- **To do**
The result should be every line in the material below containing the string "assumes".

---

lemma stepP_disjoint:
  assumes "i \<in> {1..N}" "j \<in> {1..N}" "v \<in> stepP N i" "v \<in> stepP N j"
  shows "i = j"
proof -
  have ordered: False if "a \<in> {1..N}" "b \<in> {1..N}" "a < b" "v \<in> stepP N a" "v \<in> stepP N b"
    for a b
  proof -
    have "a < N" using that by simp
    then have "v < real a / real N"
      using that(4) by (simp add: stepP_def)
    moreover have "(real b - 1) / real N \<le> v"
    proof (cases "b < N")
      case False
      then have "b = N" using that(2) by simp
      then show ?thesis using that(5) by (simp add: stepP_def)
    qed (use that(5) in \<open>simp add: stepP_def\<close>)
    moreover have "real a / real N \<le> (real b - 1) / real N"
      using that by (intro divide_right_mono) auto
    ultimately show False by linarith
  qed
  show ?thesis
  proof (rule ccontr)
    assume "i \<noteq> j"
    then consider "i < j" | "j < i" by linarith
    then show False
      using assms ordered[of i j] ordered[of j i] by cases blast+
  qed
qed

lemma stepP_cover:
  assumes "N \<ge> 1" and v: "v \<in> {0..1}"
  shows "\<exists>i\<in>{1..N}. v \<in> stepP N i"
proof -
  define k where "k = nat \<lfloor>v * real N\<rfloor>"
  have N: "real N > 0" using assms by auto
  have "0 \<le> v * real N" using v by auto
  then have k: "real k \<le> v * real N" "v * real N < real k + 1"
    unfolding k_def by linarith+
  show ?thesis
  proof (cases "k + 1 < N")
    case True
    have "(real (k + 1) - 1) / real N \<le> v" "v < real (k + 1) / real N"
      using k N by (simp_all add: divide_le_eq less_divide_eq)
    with True show ?thesis by (intro bexI[of _ "k + 1"]) (auto simp: stepP_def)
  next
    case False
    then have "(real N - 1) / real N \<le> v" using k N by (simp add: divide_le_eq)
    with v assms show ?thesis by (intro bexI[of _ N]) (auto simp: stepP_def)
  qed
qed

lemma stepidx_eq: "i \<in> {1..N} \<Longrightarrow> v \<in> stepP N i \<Longrightarrow> stepidx N v = i"
  unfolding stepidx_def using stepP_disjoint by (intro the_equality) blast+

lemma stepidx_in:
  assumes "N \<ge> 1" "v \<in> {0..1}"
  shows "stepidx N v \<in> {1..N}" "v \<in> stepP N (stepidx N v)"
  using stepP_cover[OF assms] stepidx_eq by metis+
(* Let $G=(V,E)$ be a connected graph with $n$ vertices and $m\ge1$ edges $e_1,\dots,e_m$ with positive integer weights $w_1,\dots,w_m$, and let $w_{\max}=\max_i w_i$. Consider the (1+1)~EA for the minimum spanning tree problem started with an arbitrary bit string $x^{(0)}\in\{0,1\}^m$ that encodes a spanning tree of $G$. Then its expected optimization time (the expected first time $t$ at which $x^{(t)}$ encodes a minimum spanning tree) is at most $$2\mathrm{e}\, m^2\,(1+\ln m+\ln w_{\max}).$$
   Context: A bit string $x\in\{0,1\}^m$ encodes the edge set $\{e_i: x_i=1\}$; its weight is $w(x)=\sum_{i=1}^m w_ix_i$. The (1+1)~EA for the MST problem, started at a spanning tree $x^{(0)}$: for $t=0,1,2,\dots$, sample $y$ by flipping each bit of $x^{(t)}$ independently with probability $1/m$; set $x^{(t+1)}:=y$ if $y$ encodes a spanning tree of $G$ and $w(y)\le w(x^{(t)})$, and $x^{(t+1)}:=x^{(t)}$ otherwise. (This is the behavior of minimizing the fitness $w(x)+p(x)$ where the penalty $p$ ensures that once a spanning tree is reached, non-spanning-trees are never accepted.) *)

theory Defs
  imports "HOL-Probability.Probability"
begin

definition simple_graph :: "'a set \<Rightarrow> nat \<Rightarrow> (nat \<Rightarrow> 'a set) \<Rightarrow> bool" where
  "simple_graph V m e \<longleftrightarrow> finite V \<and> (\<forall>i<m. e i \<subseteq> V \<and> card (e i) = 2) \<and> inj_on e {0..<m}"

definition adj :: "(nat \<Rightarrow> 'a set) \<Rightarrow> nat set \<Rightarrow> ('a \<times> 'a) set" where
  "adj e S = {(u, v). \<exists>i\<in>S. e i = {u, v}}"

definition connected_on :: "'a set \<Rightarrow> (nat \<Rightarrow> 'a set) \<Rightarrow> nat set \<Rightarrow> bool" where
  "connected_on V e S \<longleftrightarrow> (\<forall>u\<in>V. \<forall>v\<in>V. (u, v) \<in> (adj e S)\<^sup>*)"

definition has_cycle :: "(nat \<Rightarrow> 'a set) \<Rightarrow> nat set \<Rightarrow> bool" where
  "has_cycle e S \<longleftrightarrow> (\<exists>vs. length vs \<ge> 3 \<and> distinct vs \<and>
      (\<forall>j<length vs. (vs ! j, vs ! ((j + 1) mod length vs)) \<in> adj e S))"

definition spanning_tree_edges :: "'a set \<Rightarrow> nat \<Rightarrow> (nat \<Rightarrow> 'a set) \<Rightarrow> nat set \<Rightarrow> bool" where
  "spanning_tree_edges V m e S \<longleftrightarrow> S \<subseteq> {0..<m} \<and> connected_on V e S \<and> \<not> has_cycle e S"

text \<open>Bit strings in {0,1}^m are functions nat => bool (only positions < m matter).\<close>
definition edges_of :: "nat \<Rightarrow> (nat \<Rightarrow> bool) \<Rightarrow> nat set" where
  "edges_of m x = {i. i < m \<and> x i}"

definition is_st :: "'a set \<Rightarrow> nat \<Rightarrow> (nat \<Rightarrow> 'a set) \<Rightarrow> (nat \<Rightarrow> bool) \<Rightarrow> bool" where
  "is_st V m e x \<longleftrightarrow> spanning_tree_edges V m e (edges_of m x)"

---

- **Exercise response**
  assumes "i \<in> {1..N}" "j \<in> {1..N}" "v \<in> stepP N i" "v \<in> stepP N j"
  assumes "N \<ge> 1" and v: "v \<in> {0..1}"
  assumes "N \<ge> 1" "v \<in> {0..1}"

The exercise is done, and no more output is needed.